Jessica Harmsen

Personal information
- Born: 5 September 1966 (age 59)

Chess career
- Country: Netherlands
- Title: Woman International Master (1988)
- Peak rating: 2245 (July 1989)

= Jessica Harmsen (chess player) =

Dutch chess player (born 1966)

Jessica Harmsen (born 5 September 1966) is a Dutch chess Woman International Master (1988), three-times Dutch Women's Chess Championships winner (1985, 1987, 1988).

== Chess career ==
Harmsen won the Dutch Youth Chess Championships three times: in 1982 in the girls U16 age group, in 1984 and 1985 in the girls U20 age group.
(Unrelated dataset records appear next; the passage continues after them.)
definition mca_load :: "'f set \<Rightarrow> ('f \<Rightarrow> real) \<Rightarrow> ('f \<Rightarrow> 'v \<Rightarrow> real) \<Rightarrow> 'v \<Rightarrow> real" where
  "mca_load F lam y v = (\<Sum>f\<in>{f\<in>F. y f v = 1}. lam f)"

definition mca_leaf where
  "mca_leaf F U y f v \<longleftrightarrow> {g. (g, v) \<in> mca_edges F U y} = {f}"

definition mca_step1 ::
  "'f set \<Rightarrow> 'v set \<Rightarrow> ('f \<Rightarrow> real) \<Rightarrow> ('f \<Rightarrow> 'v \<Rightarrow> real) \<Rightarrow> ('f \<Rightarrow> 'v \<Rightarrow> real) \<Rightarrow> bool" where
  "mca_step1 F U lam y y' \<longleftrightarrow>
     (\<exists>f v. v \<in> U \<and> mca_leaf F U y f v \<and>
        (if lam f * y f v \<le> mca_load F lam y v
         then y' = y(f := (y f)(v := 0))
         else y' = (\<lambda>g w. if g = f then (if w = v then 1 else 0)
                          else if w = v \<and> y g v = 1 then 0 else y g w)))"

text \<open>Paths in G' starting at node v1, given as the list of their edges:
  v1 - f1 - v2 - f2 - ...; consecutive edges share alternately the flow and the node.\<close>
definition mca_path :: "'f set \<Rightarrow> 'v set \<Rightarrow> ('f \<Rightarrow> 'v \<Rightarrow> real) \<Rightarrow> 'v \<Rightarrow> ('f \<times> 'v) list \<Rightarrow> bool" where
  "mca_path F U y v1 p \<longleftrightarrow> p \<noteq> [] \<and> snd (hd p) = v1 \<and> distinct p \<and>
     set p \<subseteq> mca_edges F U y \<and>
     (\<forall>i. Suc i < length p \<longrightarrow>
        (if even i then fst (p ! i) = fst (p ! Suc i) else snd (p ! i) = snd (p ! Suc i)))"

definition mca_longest_path where
  "mca_longest_path F U y v1 e p \<longleftrightarrow> mca_path F U y v1 p \<and> hd p = e \<and>
     (\<forall>q. mca_path F U y v1 q \<and> hd q = e \<longrightarrow> length q \<le> length p)"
In 1984, in Katowice she participated in European Girls' Junior Chess Championship and ranked in 7th place. In 1985, in Dobrna she participated in World Girls' Junior Chess Championship and ranked in 12th place.
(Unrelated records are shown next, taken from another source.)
(* There is a constant $C$ such that the following holds. Let $k_1,k_2,k_3\in\mathbb{Z}$, $j_1,j_2,j_3\in\mathbb{Z}_+$, and let $f_{k_i,j_i}\in L^2(\mathbb{R}^2)$ be supported in $D_{k_i,j_i}$, $i=1,2$. Then: (a) $\|\mathbf{1}_{D_{k_3,j_3}}(f_{k_1,j_1}\ast f_{k_2,j_2})\|_{L^2}\leq C2^{\min(k_1,k_2,k_3)/2}2^{\min(j_1,j_2,j_3)/2}\prod_{i=1}^2\|f_{k_i,j_i}\|_{L^2}$. (b) If $\max(k_1,k_2,k_3)\geq\min(k_1,k_2,k_3)+5$ and $i\in\{1,2,3\}$, then $\|\mathbf{1}_{D_{k_3,j_3}}(f_{k_1,j_1}\ast f_{k_2,j_2})\|_{L^2}\leq C2^{(j_1+j_2+j_3)/2}2^{-(j_i+k_i)/2}\prod_{l=1}^2\|f_{k_l,j_l}\|_{L^2}$. (c) $\|\mathbf{1}_{D_{k_3,j_3}}(f_{k_1,j_1}\ast f_{k_2,j_2})\|_{L^2}\leq C2^{\min(j_1,j_2,j_3)/2+\mathrm{med}(j_1,j_2,j_3)/4}\prod_{i=1}^2\|f_{k_i,j_i}\|_{L^2}$. (d) Moreover $\mathbf{1}_{D_{k_3,j_3}}(f_{k_1,j_1}\ast f_{k_2,j_2})\equiv0$ unless $\max(k_1,k_2,k_3)\leq\mathrm{med}(k_1,k_2,k_3)+2$ and either $\max(j_1,j_2,j_3)\in[\widetilde k-8,\widetilde k+8]$, or $\max(j_1,j_2,j_3)\geq\widetilde k+8$ and $\max(j_1,j_2,j_3)-\mathrm{med}(j_1,j_2,j_3)\leq10$, where $\widetilde k=\min(k_1,k_2,k_3)+\mathrm{med}(k_1,k_2,k_3)$.
   Context: $\omega(\xi)=-\xi|\xi|$. For $l\in\mathbb{Z}$, $I_l=\{\xi:|\xi|\in[2^{l-1},2^{l+1}]\}$; $\widetilde I_0=[-2,2]$ and $\widetilde I_l=I_l$ for $l\ge1$. For $k\in\mathbb{Z}$, $j\in\mathbb{Z}_+$: $D_{k,j}=\{(\xi,\tau):\xi\in I_k,\ \tau-\omega(\xi)\in\widetilde I_j\}$ if $k\ge1$ and $D_{k,j}=\{(\xi,\tau):\xi\in I_k,\ \tau\in\widetilde I_j\}$ if $k\le0$. $\ast$ is convolution on $\mathbb{R}^2$ in $(\xi,\tau)$; $\mathbf{1}_D$ is the indicator of $D$. $\mathrm{med}$ denotes the median of three numbers. *)

theory Defs
  imports "HOL-Analysis.Analysis"
begin

definition omega :: "real \<Rightarrow> real" where
  "omega \<xi> = - \<xi> * \<bar>\<xi>\<bar>"

definition Iset :: "int \<Rightarrow> real set" where
  "Iset l = {\<xi>. 2 powr (real_of_int l - 1) \<le> \<bar>\<xi>\<bar> \<and> \<bar>\<xi>\<bar> \<le> 2 powr (real_of_int l + 1)}"

definition Itil :: "nat \<Rightarrow> real set" where
  "Itil l = (if l = 0 then {-2..2} else Iset (int l))"

definition Dset :: "int \<Rightarrow> nat \<Rightarrow> (real \<times> real) set" where
  "Dset k j = (if k \<ge> 1
     then {(\<xi>, \<tau>). \<xi> \<in> Iset k \<and> \<tau> - omega \<xi> \<in> Itil j}
     else {(\<xi>, \<tau>). \<xi> \<in> Iset k \<and> \<tau> \<in> Itil j})"

definition conv2 :: "(real \<times> real \<Rightarrow> complex) \<Rightarrow> (real \<times> real \<Rightarrow> complex) \<Rightarrow> real \<times> real \<Rightarrow> complex" where
  "conv2 f g x = (\<integral> y. f y * g (x - y) \<partial>lebesgue)"

definition L2norm :: "(real \<times> real \<Rightarrow> complex) \<Rightarrow> real" where
  "L2norm f = sqrt (\<integral> x. (cmod (f x))\<^sup>2 \<partial>lebesgue)"

definition is_L2 :: "(real \<times> real \<Rightarrow> complex) \<Rightarrow> bool" where
  "is_L2 f \<longleftrightarrow> f \<in> borel_measurable lebesgue \<and> integrable lebesgue (\<lambda>x. (cmod (f x))\<^sup>2)"

definition med3 :: "'a::linorder \<Rightarrow> 'a \<Rightarrow> 'a \<Rightarrow> 'a" where
  "med3 a b c = max (min a b) (min (max a b) c)"

end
In the 1980s and 1990s, Harmsen was among the leading Dutch female chess players. She competed many times in the individual finals of the Dutch Women's Chess Championship and three times won this tournament: 1985 (shared 1st place with Hanneke van Parreren), 1987 and 1988. In addition, in 1989 she won a silver medal and in 2000 - a bronze medal at the Dutch Women's Chess Championships. In 1986, she took 6th place in the international chess tournament in Nałęczów.

Harmsen thrice participated in Women's World Chess Championship West European Subzonal tournaments:
- in 1985, in Amsterdam and ranked in 5th place;
- in 1990, in Oisterwijk and ranked in 9th place;
- in 1991, in Oisterwijk and ranked in 6th place.

Harmsen played for the Netherlands in the Women's Chess Olympiad:
- In 1988, at first board in the 28th Chess Olympiad (women) in Thessaloniki (+5, =2, -4).

Harmsen achieved the highest rating in her career on 1 July 1989, with a score of 2245 points, she was then ranked first among Dutch female chess players. Since 1994, she has played very rarely in tournaments classified by the FIDE.